I have some C# web services that return JSON. The .NET JavaScriptSerializer returns dates in Epoch Time (milliseconds since 1970). On any Windows machine, the web based application processes the milliseconds back into the proper date without a problem.
On my Mac, the dates are sometimes off by 1 hour. Not every time. Only sometimes. This is now happening on the iPhone front end I'm building as well.
I thought at first that I had lost some precision when dividing the milliseconds by 1000 to create a valid Objective-C NSDate object. Then I tested date creation in javascript on Mac Firefox with the same timestamp and got the same 1 hour offset.
Any ideas? Thanks...
Edit: I also noticed in the Console in XCode that the date created had a -4 or -5 next to it. I'm assuming that is a GMT offset. Those seem to vary independent of whether or not the date is offset by 1 hour. So some -4 dates and some -5 dates are correct and some of either one are offset.
Edit: Examples using:
console.log(new Date(-1173643200000));
returns Sun Oct 23 1932 00:00:00 GMT-0400 (EST)
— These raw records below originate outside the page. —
(* There is $C>0$ (depending only on $R$) such that for all $\varepsilon\in(0,1]$, $$\langle\hat h_\varepsilon,-\Delta_{S^2}\hat h_\varepsilon\rangle_{L^2(S^2)}\le C\varepsilon .$$
   Context: Setup: fix $R>0$, $\tau=0$. $\hat h_\varepsilon(w)=\tilde h_\varepsilon(\varepsilon w)$, where $\tilde h_\varepsilon=h_\varepsilon-\log|\frac{z-\varepsilon}{z+\varepsilon}|^2$ and $h_\varepsilon=\log|u|^2$ for the gauged $\mathbb{P}^1$ vortex-antivortex pair on the round sphere $S^2_R$ (metric $\frac{4R^2}{(1+|z|^2)^2}dzd\bar z$) with vortex at $z=\varepsilon$, antivortex at $z=-\varepsilon$; $\hat h_\varepsilon$ is a smooth function on $S^2$ satisfying $-\Delta_{S^2}\hat h+2R^2\varepsilon^2f_\varepsilon(w)^2F(w,\hat h)=0$ with $f_\varepsilon(w)=\frac{1+|w|^2}{1+\varepsilon^2|w|^2}$ and $F(w,v)=\frac{|w-1|^2e^v-|w+1|^2}{|w-1|^2e^v+|w+1|^2}$. Here $S^2$ is the unit round sphere in the stereographic coordinate $w$ (area form $\frac{4\,d^2w}{(1+|w|^2)^2}$) and $\Delta_{S^2}=\frac{(1+|w|^2)^2}{4}\nabla^2_w$ is its (negative semidefinite) Laplacian. *)

theory Defs
  imports "HOL-Analysis.Analysis"
begin

text \<open>Functions on the plane are functions on the complex numbers (the stereographic
coordinate w = x + i y).  Directional (partial) derivative along the direction d.\<close>

definition pd :: "complex \<Rightarrow> (complex \<Rightarrow> real) \<Rightarrow> complex \<Rightarrow> real" where
  "pd d f x = deriv (\<lambda>t::real. f (x + of_real t * d)) 0"

fun Ck_on :: "nat \<Rightarrow> (complex \<Rightarrow> real) \<Rightarrow> complex set \<Rightarrow> bool" where
  "Ck_on 0 f S = continuous_on S f"
| "Ck_on (Suc k) f S = ((\<forall>x\<in>S. f differentiable (at x)) \<and>
      Ck_on k (pd 1 f) S \<and> Ck_on k (pd \<i> f) S)"

definition smooth_on :: "(complex \<Rightarrow> real) \<Rightarrow> complex set \<Rightarrow> bool" where
  "smooth_on f S \<longleftrightarrow> (\<forall>k. Ck_on k f S)"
console.log(new Date(-1031515200000));
returns Sat Apr 24 1937 23:00:00 GMT-0500 (EST)
NSDate* date = [NSDate dateWithTimeIntervalSince1970:ticks / 1000];
-589320000000 =
1951-04-30 00:00:00 -0400
-1173643200000 =
1932-10-22 23:00:00 -0500
(This one returns correct in Firebug Console, wrong in XCode Console)
-1303416000000 =
1928-09-12 00:00:00 -0400
-1492545600000 =
1922-09-15 00:00:00 -0400
-1263668400000 =
1929-12-16 00:00:00 -0500
-1252094400000 =
1930-04-29 00:00:00 -0400
-1046458800000 =
1936-11-03 00:00:00 -0500
-1298746800000 =
1928-11-05 00:00:00 -0500
-1031515200000 =
1937-04-24 23:00:00 -0500
(Returns wrong in both Firebug Console and XCode Console)
-910465200000 =
1941-02-24 00:00:00 -0500
-1152648000000 =
1933-06-23 00:00:00 -0400
-1109793600000 =
1934-10-31 23:00:00 -0500
Is it possible that Microsoft/Mozilla/Apple have conflicting rules defining when Daylight Saving Time started back then?
Edit: Mac Firefox and Windows Firefox get different results for -1031515200000. Both machines are set to the same timezone.
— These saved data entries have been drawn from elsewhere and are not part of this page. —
section \<open>Groups of class two\<close>

definition centralizer :: "('a, 'b) monoid_scheme \<Rightarrow> 'a set \<Rightarrow> 'a set" where
  "centralizer G B = {x \<in> carrier G. \<forall>b\<in>B. x \<otimes>\<^bsub>G\<^esub> b = b \<otimes>\<^bsub>G\<^esub> x}"

context group
begin

lemma subgroup_centralizer:
  assumes "B \<subseteq> carrier G"
  shows "subgroup (centralizer G B) G"
proof (rule subgroupI)
  fix x y assume x: "x \<in> centralizer G B" and y: "y \<in> centralizer G B"
  have "x \<otimes> y \<otimes> b = b \<otimes> (x \<otimes> y)" if b: "b \<in> B" for b
  proof -
    have c: "x \<in> carrier G" "y \<in> carrier G" "b \<in> carrier G" "x \<otimes> b = b \<otimes> x" "y \<otimes> b = b \<otimes> y"
      using assms b x y by (auto simp: centralizer_def)
    then have "x \<otimes> y \<otimes> b = x \<otimes> (b \<otimes> y)" by (simp add: m_assoc)
    also have "\<dots> = b \<otimes> (x \<otimes> y)" using c by (simp add: m_assoc[symmetric])
    finally show ?thesis .
  qed
  then show "x \<otimes> y \<in> centralizer G B" using x y by (auto simp: centralizer_def)
next
  fix x assume "x \<in> centralizer G B"
  then show "inv x \<in> centralizer G B"
    using assms commute_inv unfolding centralizer_def by auto
next
  have "\<one> \<in> centralizer G B" using assms by (auto simp: centralizer_def)
  then show "centralizer G B \<noteq> {}" by blast
qed (auto simp: centralizer_def)

lemma subset_centralizer_sym:
  "A \<subseteq> carrier G \<Longrightarrow> B \<subseteq> carrier G \<Longrightarrow> A \<subseteq> centralizer G B \<longleftrightarrow> B \<subseteq> centralizer G A"
  unfolding centralizer_def by auto

lemma generate_subset_centralizer:
  "A \<subseteq> centralizer G B \<Longrightarrow> B \<subseteq> carrier G \<Longrightarrow> generate G A \<subseteq> centralizer G B"
  by (simp add: generate_subgroup_incl subgroup_centralizer)

lemma centralizer_commute:
  "z \<in> centralizer G B \<Longrightarrow> b \<in> B \<Longrightarrow> z \<otimes> b = b \<otimes> z"
  by (simp add: centralizer_def)

lemma nat_pow_commute:
  assumes "x \<in> carrier G" "y \<in> carrier G" "x \<otimes> y = y \<otimes> x"
  shows "x [^] (k::nat) \<otimes> y [^] (n::nat) = y [^] n \<otimes> x [^] k"
  by (metis assms group_commutes_pow nat_pow_closed)

lemma pow_mult_swap_class2:
  assumes u: "u \<in> carrier G" and v: "v \<in> carrier G"
    and cu: "comm G v u \<otimes> u = u \<otimes> comm G v u" and cv: "comm G v u \<otimes> v = v \<otimes> comm G v u"
  shows "v [^] (n::nat) \<otimes> u = comm G v u [^] n \<otimes> u \<otimes> v [^] n"
proof (induction n)
  case 0
  show ?case using u by simp
next
  case (Suc n)
  let ?c = "comm G v u"
  have c: "?c \<in> carrier G" using u v by simp
  have "v [^] Suc n \<otimes> u = v [^] n \<otimes> (?c \<otimes> u \<otimes> v)"
    using u v mult_eq_comm_mult[OF v u] by (simp add: m_assoc)
  also have "\<dots> = ?c \<otimes> (v [^] n \<otimes> u) \<otimes> v"
    using u v c nat_pow_commute[OF c v cv, of 1 n] by (simp add: m_assoc[symmetric])
  also have "\<dots> = (?c \<otimes> ?c [^] n) \<otimes> u \<otimes> (v [^] n \<otimes> v)"
    using u v c Suc by (simp add: m_assoc)
  also have "\<dots> = ?c [^] Suc n \<otimes> u \<otimes> v [^] Suc n"
    by (simp only: nat_pow_Suc2[OF c, symmetric] nat_pow_Suc)
  finally show ?case .
qed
It sounds very much like one of them is giving you ticks since the epoch, and the other is giving you milliseconds since 1970 January 1st in your local time zone... or they're interpreting the data that way. Are all the "wrong" dates in the summer, by any chance? (EDIT: Now I've seen your edit, I see you're thinking along the same lines.)
Could you give us some sample values, and the code you're using in various places? Are you sure that the value itself is wrong, and it's not just a display issue?
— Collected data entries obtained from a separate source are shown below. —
lemma card_plus_pure_powers:
  assumes "finite A" "A \<subseteq> vecs_deg n d" "0 < d" "pure_powers n d \<subseteq> A"
  shows "int (card (A + pure_powers n d)) = int n * int (card A) - int (n choose 2)"
proof -
  let ?V = "pure_powers n d" and ?B = "A - pure_powers n d"
  let ?g = "\<lambda>(a, i). a + xpow i d"
  have split: "A + ?V = (?B + ?V) \<union> (?V + ?V)"
    using assms(4) by (auto simp: set_plus_def)
  have disjoint: "(?B + ?V) \<inter> (?V + ?V) = {}"
  proof -
    have "a + v \<notin> ?V + ?V" if a: "a \<in> ?B" and v: "v \<in> ?V" for a v
    proof -
      obtain i where "v = xpow i d" "i < n" using v by (auto simp: pure_powers_def)
      then show ?thesis using mem_pure_powers_if_add_mem[of a n d i] a assms(2) by auto
    qed
    then show ?thesis by (auto simp: set_plus_def)
  qed
  have "?B + ?V = ?g ` (?B \<times> {..<n})"
    by (auto simp: set_plus_def pure_powers_def)
  moreover have "inj_on ?g (?B \<times> {..<n})"
  proof (rule inj_onI, clarify)
    fix a i b j assume ab: "a \<in> A" "a \<notin> ?V" "b \<in> A" "b \<notin> ?V" "i < n" "j < n"
      and e: "a + xpow i d = b + xpow j d"
    have "i = j"
      using eq_xpow_if_add_xpow_eq[OF _ e] ab assms(2) by (auto simp: pure_powers_def)
    then show "a = b \<and> i = j" using e by simp
  qed
  ultimately have card_B: "card (?B + ?V) = (card A - n) * n"
    using assms(1,3,4) by (simp add: card_image card_cartesian_product card_Diff_subset
        finite_subset card_pure_powers)
  have n_le: "n \<le> card A" using card_mono[OF assms(1,4)] card_pure_powers[OF assms(3)] by simp
  have "int (card (A + ?V)) = (int (card A) - int n) * int n + int (Suc n choose 2)"
    unfolding split using assms(1) card_B card_pure_powers_plus_self[OF assms(3)] disjoint n_le
    by (simp add: card_Un_disjoint finite_set_plus finite_subset[OF assms(4)])
  moreover have "int (Suc n choose 2) = int (n choose 2) + int n"
    by (simp add: numeral_2_eq_2)
  moreover have "2 * int (n choose 2) = int n * (int n - 1)"
  proof -
    have "even (n * (n - 1))" by auto
    then have "2 * (n choose 2) = n * (n - 1)" by (simp add: choose_two)
    then have "2 * int (n choose 2) = int n * int (n - 1)" by (metis of_nat_mult of_nat_numeral)
    then show ?thesis by (cases n) auto
  qed
  ultimately show ?thesis by (simp add: algebra_simps)
qed

lemma add_xpow_vecs_deg: "a \<in> vecs_deg n k \<Longrightarrow> j < n \<Longrightarrow> a + xpow j 1 \<in> vecs_deg n (Suc k)"
  by (simp add: vecs_deg_def vecs_add vecs_xpow deg_add deg_xpow)

lemma vecs_deg_Suc_elim:
  assumes "a' \<in> vecs_deg n (Suc k)"
  obtains j a where "j < n" "a \<in> vecs_deg n k" "a' = a + xpow j 1"
proof -
  have "deg n a' \<noteq> 0" using assms by (simp add: vecs_deg_def)
  then obtain j where j: "j < n" "0 < a' j" by (rule exists_pos_coord)
  define a where "a = a'(j := a' j - 1)"
  have a': "a' = a + xpow j 1" using j by (auto simp: a_def xpow_def)
  have "deg n a = k"
    using arg_cong[OF a', of "deg n"] assms j(1) by (simp add: vecs_deg_def deg_add deg_xpow)
  moreover have "a \<in> vecs n" using assms by (auto simp: vecs_deg_def vecs_def a_def)
  ultimately show thesis using that j a' by (simp add: vecs_deg_def)
qed

text \<open>Each sum of two elements of A trades one of its summands for a pure power.\<close>
lemma plus_smult_vecs_deg_Suc:
  assumes sq: "A + pure_powers n d = A + A" and V: "pure_powers n d \<subseteq> A"
  shows "(A + smult d ` vecs_deg n k) + A = A + smult d ` vecs_deg n (Suc k)"
proof
  show "(A + smult d ` vecs_deg n k) + A \<subseteq> A + smult d ` vecs_deg n (Suc k)"
  proof
    fix x assume "x \<in> (A + smult d ` vecs_deg n k) + A"
    then obtain b a b' where x: "x = (b + smult d a) + b'" "b \<in> A" "a \<in> vecs_deg n k" "b' \<in> A"
      by (auto elim!: set_plus_elim)
    have "b + b' \<in> A + pure_powers n d" using sq x by auto
    then obtain b'' j where b'': "b + b' = b'' + xpow j d" "b'' \<in> A" "j < n"
      by (auto simp: pure_powers_def elim!: set_plus_elim)
    have "x = (b + b') + smult d a" using x(1) by (simp add: ac_simps)
    also have "\<dots> = b'' + smult d (a + xpow j 1)"
      using b''(1) by (simp add: smult_add smult_xpow ac_simps)
    finally show "x \<in> A + smult d ` vecs_deg n (Suc k)"
      using b''(2,3) x(3) add_xpow_vecs_deg by auto
  qed
  show "A + smult d ` vecs_deg n (Suc k) \<subseteq> (A + smult d ` vecs_deg n k) + A"
  proof
    fix x assume "x \<in> A + smult d ` vecs_deg n (Suc k)"
    then obtain b a' where x: "x = b + smult d a'" "b \<in> A" "a' \<in> vecs_deg n (Suc k)"
      by (auto elim!: set_plus_elim)
    then obtain j a where a: "j < n" "a \<in> vecs_deg n k" "a' = a + xpow j 1"
      by (auto elim!: vecs_deg_Suc_elim)
    have "x = (b + smult d a) + xpow j d"
      using x(1) a(3) by (simp add: smult_add smult_xpow algebra_simps)
    moreover have "xpow j d \<in> A" using V a(1) by (auto simp: pure_powers_def)
    ultimately show "x \<in> (A + smult d ` vecs_deg n k) + A"
      using x(2) a(2) by auto
  qed
qed

section \<open>Equigenerated m-primary monomial ideals\<close>

locale equigenerated_m_primary =
  fixes n d :: nat and I :: "(nat \<Rightarrow> nat) set"
  assumes m_primary: "m_primary n I" and equigenerated: "equigenerated n I d"
begin

abbreviation G where "G \<equiv> mingens I"

lemma I_mono_ideal: "mono_ideal n I"
  using m_primary by (simp add: m_primary_def)

lemma I_vecs: "I \<subseteq> vecs n"
  using I_mono_ideal by (simp add: mono_ideal_def)

lemma gen_G: "gen n G = I"
  using gen_mingens[OF I_mono_ideal] .

lemma G_vecs_deg: "G \<subseteq> vecs_deg n d"
  using I_mono_ideal equigenerated
  by (auto simp: mingens_def mono_ideal_def equigenerated_def vecs_deg_def)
If possible, it would be a good idea to provide instants since the midnight January 1st 1970 UTC. Most platforms give a reasonably simple way of handling that. In .NET, if you use DateTimeOffset
instead of DateTime
you should avoid at least some of these problems. (In the future, of course, the right solution will be to use Noda Time. But not yet.)
EDIT: Okay, now you've provided sample data, it doesn't look like there's actually any inconsistency in the instant returned... it's the conversion into the local time that's different. It's very possible that different platforms will have different views of historical time zone information, certainly - some may just have a permanent rule that they assume will have been right and will be right forever, others will know about the various changes involved. I would expect most platforms to take historical changes into account these days, admittedly...
On the iPhone at least, I'd expect you to be able to write code to find out the time zone transitions, and then compare that with what .NET gives via TimeZoneInfo
.
What is your application actually doing with this information? Are you interested in it as an instant in time (which can be regarded in different time zones) or just the local time?
My guess would be platform differences regarding when DST ends and begins. Are the timestamps for current years coming out right?